definition rational_point :: "('a \<Rightarrow> 'b::field) \<Rightarrow> 'b \<Rightarrow> 'b \<Rightarrow> 'b \<Rightarrow> bool" where
  "rational_point f x0 x1 x2 \<longleftrightarrow>
     (\<exists>c. c \<noteq> 0 \<and> c * x0 \<in> range f \<and> c * x1 \<in> range f \<and> c * x2 \<in> range f)"

end

(*
  Let x be a common point of C and L over the algebraic closure, and x^q its image under the
  q-power Frobenius. By Euler's formula the gradient of F at x is orthogonal to x, and Frobenius
  nonclassicality makes it orthogonal to x^q as well. The coefficient vector of L is orthogonal
  to x and, L being defined over F_q, also to x^q. If x and x^q were independent, L would be
  proportional to the gradient, i.e. tangent to C at x. Hence x^q is a multiple of x, which
  means that x is F_q-rational.

  For geometric irreducibility take a prime factor G of F over the algebraic closure. It is
  homogeneous, so it vanishes at a point y of L; y lies on C, so it is F_q-rational by the first
  part and may be taken with coordinates in F_q. If G did not divide its Frobenius conjugate G',
  both would vanish at y and y would be a singular point of C on L.
  Thus G' = u G for a constant u; dividing G by one of its coefficients makes it Frobenius-fixed,
  hence defined over F_q, and the irreducibility of F over F_q forces F to be associated to G.
*)
theory Submission
  imports Defs "Subresultants.More_Homomorphisms"
begin

section \<open>Ring homomorphisms and polynomials in three variables\<close>

lemma comm_ring_hom_comp:
  assumes "comm_ring_hom f" "comm_ring_hom g"
  shows "comm_ring_hom (g \<circ> f)"
proof -
  interpret f: comm_ring_hom f by fact
  interpret g: comm_ring_hom g by fact
  show ?thesis by unfold_locales (simp_all add: hom_distribs)
qed

lemma map3_eq_map_poly: "map3 f = map_poly (map_poly (map_poly f))"
  by (rule ext) (simp add: map3_def)

lemma (in comm_ring_hom) comm_ring_hom_map3: "comm_ring_hom (map3 hom)"
proof -
  interpret p1: map_poly_comm_ring_hom hom ..
  interpret p2: map_poly_comm_ring_hom "map_poly hom" ..
  interpret p3: map_poly_comm_ring_hom "map_poly (map_poly hom)" ..
  show ?thesis unfolding map3_eq_map_poly ..
qed

lemma (in inj_idom_hom) inj_idom_hom_map3: "inj_idom_hom (map3 hom)"
proof -
  interpret p1: map_poly_inj_idom_hom hom ..
  interpret p2: map_poly_inj_idom_hom "map_poly hom" ..
  interpret p3: map_poly_inj_idom_hom "map_poly (map_poly hom)" ..
  show ?thesis unfolding map3_eq_map_poly ..
qed

lemma map3_map3: "g 0 = 0 \<Longrightarrow> f 0 = 0 \<Longrightarrow> map3 f (map3 g F) = map3 (f \<circ> g) F"
  by (simp add: map3_def map_poly_map_poly o_def)

lemma (in idom_isom) idom_isom_map3: "idom_isom (map3 hom)"
proof -
  interpret map3: inj_idom_hom "map3 hom" by (rule inj_idom_hom_map3)
  have "map3 hom (map3 (inv_into UNIV hom) F) = F" for F
    by (simp add: map3_map3 inv.hom_zero o_def) (simp add: map3_def map_poly_id'[abs_def])
  then have "surj (map3 hom)" by (metis surjI)
  then show ?thesis by unfold_locales
qed

lemma (in idom_isom) prime_elem_hom:
  assumes "prime_elem p"
  shows "prime_elem (hom p)"
proof (rule prime_elemI)
  show "hom p \<noteq> 0" "\<not> hom p dvd 1"
    using assms hom_dvd_hom[of p 1] by (auto simp: prime_elem_def)
  fix a b assume "hom p dvd a * b"
  then have "p dvd inv_into UNIV hom a * inv_into UNIV hom b" by (simp add: inv.hom_mult)
  then have "p dvd inv_into UNIV hom a \<or> p dvd inv_into UNIV hom b"
    using assms by (simp add: prime_elem_dvd_mult_iff)
  then show "hom p dvd a \<or> hom p dvd b" by simp
qed

lemma eval3_eq_comp:
  "(\<lambda>F. eval3 F a0 a1 a2) =
     (\<lambda>p. poly p a2) \<circ> map_poly ((\<lambda>p. poly p a1) \<circ> map_poly (\<lambda>p. poly p a0))"
  by (rule ext) (simp add: eval3_def o_def)

interpretation eval3_hom: comm_ring_hom "\<lambda>F. eval3 F a0 a1 a2" for a0 a1 a2
proof -
  interpret eval0: map_poly_comm_ring_hom "\<lambda>p. poly p a0" ..
  interpret eval01: map_poly_comm_ring_hom "(\<lambda>p. poly p a1) \<circ> map_poly (\<lambda>p. poly p a0)"
    by (intro map_poly_comm_ring_hom.intro comm_ring_hom_comp eval0.comm_ring_hom_axioms
        poly_hom.comm_ring_hom_axioms)
  show "comm_ring_hom (\<lambda>F. eval3 F a0 a1 a2)" unfolding eval3_eq_comp
    by (intro comm_ring_hom_comp eval01.comm_ring_hom_axioms poly_hom.comm_ring_hom_axioms)
qed

lemma (in comm_ring_hom) hom_eval3:
  "hom (eval3 F a0 a1 a2) = eval3 (map3 hom F) (hom a0) (hom a1) (hom a2)"
  by (simp add: eval3_def map3_def map_poly_map_poly o_def flip: poly_map_poly)

lemma (in idom_hom) map3_pd0: "map3 hom (pd0 F) = pd0 (map3 hom F)"
proof -
  interpret p1: map_poly_idom_hom hom ..
  show ?thesis by (simp add: map3_def pd0_def map_poly_map_poly o_def map_poly_pderiv)
qed

lemma (in idom_hom) map3_pd1: "map3 hom (pd1 F) = pd1 (map3 hom F)"
proof -
  interpret p1: map_poly_idom_hom hom ..
  interpret p2: map_poly_idom_hom "map_poly hom" ..
  show ?thesis by (simp add: map3_def pd1_def map_poly_map_poly o_def p1.map_poly_pderiv)
qed

lemma (in idom_hom) map3_pd2: "map3 hom (pd2 F) = pd2 (map3 hom F)"
proof -
  interpret p1: map_poly_idom_hom hom ..
  interpret p2: map_poly_idom_hom "map_poly hom" ..
  show ?thesis by (simp add: map3_def pd2_def p2.map_poly_pderiv)
qed

lemma (in comm_ring_hom) map3_X: "map3 hom X0 = X0" "map3 hom X1 = X1" "map3 hom X2 = X2"
  by (simp_all add: map3_def X0_def X1_def X2_def)

lemma eval3_X [simp]: "eval3 X0 a0 a1 a2 = a0" "eval3 X1 a0 a1 a2 = a1" "eval3 X2 a0 a1 a2 = a2"
  by (simp_all add: eval3_def X0_def X1_def X2_def)

section \<open>Coefficients, monomials and partial derivatives\<close>

lemma poly3_eqI: "(\<And>i j k. coeff3 F i j k = coeff3 G i j k) \<Longrightarrow> F = G"
  unfolding coeff3_def by (intro poly_eqI) auto

lemma coeff3_add [simp]: "coeff3 (F + G) i j k = coeff3 F i j k + coeff3 G i j k"
  by (simp add: coeff3_def)

lemma coeff3_0 [simp]: "coeff3 0 i j k = 0"
  by (simp add: coeff3_def)

lemma coeff3_map3: "f 0 = 0 \<Longrightarrow> coeff3 (map3 f F) i j k = f (coeff3 F i j k)"
  by (simp add: coeff3_def map3_def coeff_map_poly)

abbreviation monom3 :: "'a::zero \<Rightarrow> nat \<Rightarrow> nat \<Rightarrow> nat \<Rightarrow> 'a poly3" where
  "monom3 c i j k \<equiv> monom (monom (monom c i) j) k"

lemma coeff3_monom3:
  "coeff3 (monom3 c i' j' k') i j k = (if i' = i \<and> j' = j \<and> k' = k then c else 0)"
  by (simp add: coeff3_def coeff_monom)

lemma poly_induct_monom [case_names 0 add monom]:
  assumes "P 0" "\<And>p q. P p \<Longrightarrow> P q \<Longrightarrow> P (p + q)" "\<And>c n. P (monom c n)"
  shows "P p"
proof -
  have "P (\<Sum>i\<in>A. monom (coeff p i) i)" if "finite A" for A
    using that by induction (simp_all add: assms)
  then show ?thesis
    using poly_as_sum_of_monoms[of p] by (metis finite_atMost)
qed

lemma poly3_induct [case_names 0 add monom]:
  fixes F :: "'a::comm_monoid_add poly3"
  assumes zero: "P 0" and add: "\<And>F G. P F \<Longrightarrow> P G \<Longrightarrow> P (F + G)"
    and monomial: "\<And>c i j k. P (monom3 c i j k)"
  shows "P F"
proof (induction F rule: poly_induct_monom)
  case (monom c k)
  show ?case
  proof (induction c rule: poly_induct_monom)
    case (monom c j)
    show ?case
      by (induction c rule: poly_induct_monom) (simp_all add: zero add monomial flip: add_monom)
  qed (simp_all add: zero add flip: add_monom)
qed (simp_all add: zero add)

lemma eval3_monom3:
  "eval3 (monom3 (c::'a::comm_semiring_1) i j k) a0 a1 a2 = c * a0 ^ i * a1 ^ j * a2 ^ k"
  by (simp add: eval3_def map_poly_monom poly_monom mult.assoc)

definition is_derivation :: "('a::comm_ring_1 \<Rightarrow> 'a) \<Rightarrow> bool" where
  "is_derivation D \<longleftrightarrow> (\<forall>x y. D (x + y) = D x + D y) \<and> (\<forall>x y. D (x * y) = x * D y + D x * y)"

lemma is_derivationD:
  assumes "is_derivation D"
  shows "D (x + y) = D x + D y" "D (x * y) = x * D y + D x * y" "D 0 = 0"
proof -
  show add: "D (x + y) = D x + D y" for x y
    using assms by (simp add: is_derivation_def)
  show "D (x * y) = x * D y + D x * y"
    using assms by (simp add: is_derivation_def)
  show "D 0 = 0" using add[of 0 0] by simp
qed

lemma is_derivation_sum:
  assumes "is_derivation D"
  shows "D (sum f A) = (\<Sum>x\<in>A. D (f x))"
  by (induction A rule: infinite_finite_induct) (simp_all add: is_derivationD[OF assms])

lemma is_derivation_pderiv: "is_derivation pderiv"
  by (simp add: is_derivation_def pderiv_add pderiv_mult)

lemma is_derivation_map_poly:
  assumes D: "is_derivation D"
  shows "is_derivation (map_poly D)"
  unfolding is_derivation_def
proof (intro conjI allI)
  fix x y :: "'a poly"
  show "map_poly D (x + y) = map_poly D x + map_poly D y"
    by (rule poly_eqI) (simp add: coeff_map_poly is_derivationD[OF D])
  show "map_poly D (x * y) = x * map_poly D y + map_poly D x * y"
    by (rule poly_eqI)
      (simp add: coeff_map_poly coeff_mult is_derivationD[OF D] is_derivation_sum[OF D] sum.distrib)
qed

lemma is_derivation_pd: "is_derivation pd0" "is_derivation pd1" "is_derivation pd2"
  unfolding pd0_def[abs_def] pd1_def[abs_def] pd2_def[abs_def]
  by (intro is_derivation_map_poly is_derivation_pderiv)+

lemma coeff3_pd:
  "coeff3 (pd0 F) i j k = of_nat (Suc i) * coeff3 F (Suc i) j k"
  "coeff3 (pd1 F) i j k = of_nat (Suc j) * coeff3 F i (Suc j) k"
  "coeff3 (pd2 F) i j k = of_nat (Suc k) * coeff3 F i j (Suc k)"
  by (simp_all add: coeff3_def pd0_def pd1_def pd2_def coeff_map_poly coeff_pderiv of_nat_poly)

lemma coeff3_X_mult:
  "coeff3 (X0 * F) i j k = (if i = 0 then 0 else coeff3 F (i - 1) j k)"
  "coeff3 (X1 * F) i j k = (if j = 0 then 0 else coeff3 F i (j - 1) k)"
  "coeff3 (X2 * F) i j k = (if k = 0 then 0 else coeff3 F i j (k - 1))"
  by (simp_all add: coeff3_def X0_def X1_def X2_def coeff_pCons split: nat.split)

lemma coeff3_of_nat_mult: "coeff3 (of_nat n * F) i j k = of_nat n * coeff3 F i j k"
  by (simp add: coeff3_def of_nat_poly)

lemma coeff3_euler_operator:
  "coeff3 (X0 * pd0 F + X1 * pd1 F + X2 * pd2 F) i j k = of_nat (i + j + k) * coeff3 F i j k"
  by (simp add: coeff3_X_mult coeff3_pd algebra_simps)

lemma euler_identity:
  assumes "homogeneous3 F d"
  shows "X0 * pd0 F + X1 * pd1 F + X2 * pd2 F = of_nat d * F"
proof (rule poly3_eqI)
  fix i j k
  show "coeff3 (X0 * pd0 F + X1 * pd1 F + X2 * pd2 F) i j k = coeff3 (of_nat d * F) i j k"
    using assms unfolding coeff3_euler_operator coeff3_of_nat_mult homogeneous3_def
    by (cases "coeff3 F i j k = 0") auto
qed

──────────────────────────────

Your goal
In the listing above, find the line containing "by (simp add: coeff3_def coeff_monom)" and the line containing "(\<Sum>i\<in>A. monom (coeff", then retype both and every line between them exactly, with nothing else.

Response box
  by (simp add: coeff3_def coeff_monom)

lemma poly_induct_monom [case_names 0 add monom]:
  assumes "P 0" "\<And>p q. P p \<Longrightarrow> P q \<Longrightarrow> P (p + q)" "\<And>c n. P (monom c n)"
  shows "P p"
proof -
  have "P (\<Sum>i\<in>A. monom (coeff p i) i)" if "finite A" for A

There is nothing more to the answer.